### [About this task]
Only a number is wanted: the count of lines in this listing that contain "lambda".

### [Data shown]
=== Begin Enclosure ===
lemma facet_orthogonal_signs_without_V3_pos:
  assumes orth: "facet_orthogonal l" and "l V3 = 0" and "0 < l V5"
  shows "0 \<le> l V4"
proof (rule ccontr)
  note balanced = facet_orthogonal_sign_balanced(1,8,9,11,12)[OF orth, unfolded sign_balanced_on_def]
  assume "\<not> 0 \<le> l V4"
  have "l V1 < 0"
    using balanced(4) \<open>l V3 = 0\<close> \<open>0 < l V5\<close> by auto
  with \<open>\<not> 0 \<le> l V4\<close> have "0 < l V0"
    using balanced(5) \<open>l V3 = 0\<close> by auto
  then have "l E < 0" "l A < 0"
    using balanced(2,3) \<open>l V3 = 0\<close> \<open>0 < l V5\<close> by auto
  then show False
    using balanced(1) by auto
qed

lemma facet_orthogonal_signs_without_V3:
  assumes orth: "facet_orthogonal l" and "l V3 = 0"
  shows "0 \<le> l V4 * l V5"
proof (cases "0 < l V5")
  case True
  then show ?thesis
    using facet_orthogonal_signs_without_V3_pos[OF orth \<open>l V3 = 0\<close>] by simp
next
  case False
  have "0 \<le> l V5 \<or> 0 \<le> - l V4"
    using facet_orthogonal_signs_without_V3_pos[of "\<lambda>i. - l i"] orth \<open>l V3 = 0\<close> by force
  with False show ?thesis
    by (auto simp: mult_nonpos_nonpos)
qed

lemma facet_orthogonal_sign_obstruction:
  assumes "facet_orthogonal \<alpha>" "\<alpha> E = 0" "\<exists>i\<in>{V0, V1, V2, V3, V4, V5, A}. \<alpha> i \<noteq> 0"
    and "facet_orthogonal \<beta>" "\<beta> V5 = 0" "\<exists>i\<in>{V0, V1, V2, V3, V4, A, E}. \<beta> i \<noteq> 0"
  shows "\<not> facet_orthogonal (\<lambda>i. \<beta> V3 * \<alpha> i - \<alpha> V3 * \<beta> i)"
proof
  assume "facet_orthogonal (\<lambda>i. \<beta> V3 * \<alpha> i - \<alpha> V3 * \<beta> i)" (is "facet_orthogonal ?\<delta>")
  then have "0 \<le> ?\<delta> V4 * ?\<delta> V5"
    by (rule facet_orthogonal_signs_without_V3) simp
  have \<alpha>_signs: "\<alpha> V4 * \<alpha> V5 < 0" "0 < \<alpha> V3 * \<alpha> V5"
    by (rule facet_orthogonal_signs_without_E[OF assms(1-3)])+
  have \<beta>_sign: "0 < \<beta> V3 * \<beta> V4"
    by (rule facet_orthogonal_signs_without_V5[OF assms(4-6)])
  then have "0 < \<beta> V3 * \<beta> V3"
    by (auto simp: zero_less_mult_iff)
  have "?\<delta> V4 * ?\<delta> V5 = (\<beta> V3 * \<beta> V3) * (\<alpha> V4 * \<alpha> V5) - (\<alpha> V3 * \<alpha> V5) * (\<beta> V3 * \<beta> V4)"
    by (simp add: assms(5) algebra_simps)
  also have "\<dots> < 0"
    using mult_pos_neg[OF \<open>0 < \<beta> V3 * \<beta> V3\<close> \<alpha>_signs(1)] mult_pos_pos[OF \<alpha>_signs(2) \<beta>_sign]
    by linarith
  finally show False
    using \<open>0 \<le> ?\<delta> V4 * ?\<delta> V5\<close> by linarith
qed

theorem mainTheorem4:
  shows "\<not> (\<exists>P :: (real^5) set. polytope P \<and> aff_dim P = 5 \<and> realizes P Pi_facets)"
proof
  assume "\<exists>P :: (real^5) set. polytope P \<and> aff_dim P = 5 \<and> realizes P Pi_facets"
  then obtain P :: "(real^5) set" where "polytope P" "realizes P Pi_facets"
    by blast
  then obtain v :: "lab \<Rightarrow> real^5" where "inj v"
    and balanced: "\<And>U l S. finite U \<Longrightarrow> affine_dependence v U l \<Longrightarrow> S \<in> Pi_facets \<Longrightarrow>
      sign_balanced_on l (U - S)"
    using realizes_sign_balanced by metis
  have orthogonal: "facet_orthogonal l" if "affine_dependence v core_vertices l" for l
    using balanced[OF _ that] by (simp add: facet_orthogonal_def core_vertices_def)
  note dependence = affine_dependence_exists[OF inj_on_subset[OF \<open>inj v\<close> subset_UNIV], of _ core_vertices]
  obtain \<alpha> where \<alpha>: "affine_dependence v core_vertices \<alpha>" "\<alpha> E = 0"
      "\<exists>i\<in>{V0, V1, V2, V3, V4, V5, A}. \<alpha> i \<noteq> 0"
    using dependence[of "{V0, V1, V2, V3, V4, V5, A}"] by (auto simp: core_vertices_def)
  obtain \<beta> where \<beta>: "affine_dependence v core_vertices \<beta>" "\<beta> V5 = 0"
      "\<exists>i\<in>{V0, V1, V2, V3, V4, A, E}. \<beta> i \<noteq> 0"
    using dependence[of "{V0, V1, V2, V3, V4, A, E}"] by (auto simp: core_vertices_def)
  have "affine_dependence v core_vertices (\<lambda>i. \<beta> V3 * \<alpha> i - \<alpha> V3 * \<beta> i)"
    using \<alpha>(1) \<beta>(1) by (rule affine_dependence_diff)
  then show False
    using facet_orthogonal_sign_obstruction[OF orthogonal[OF \<alpha>(1)] \<alpha>(2,3) orthogonal[OF \<beta>(1)] \<beta>(2,3)]
      orthogonal by blast
qed

end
=== End Enclosure ===
### [Problem solution]
4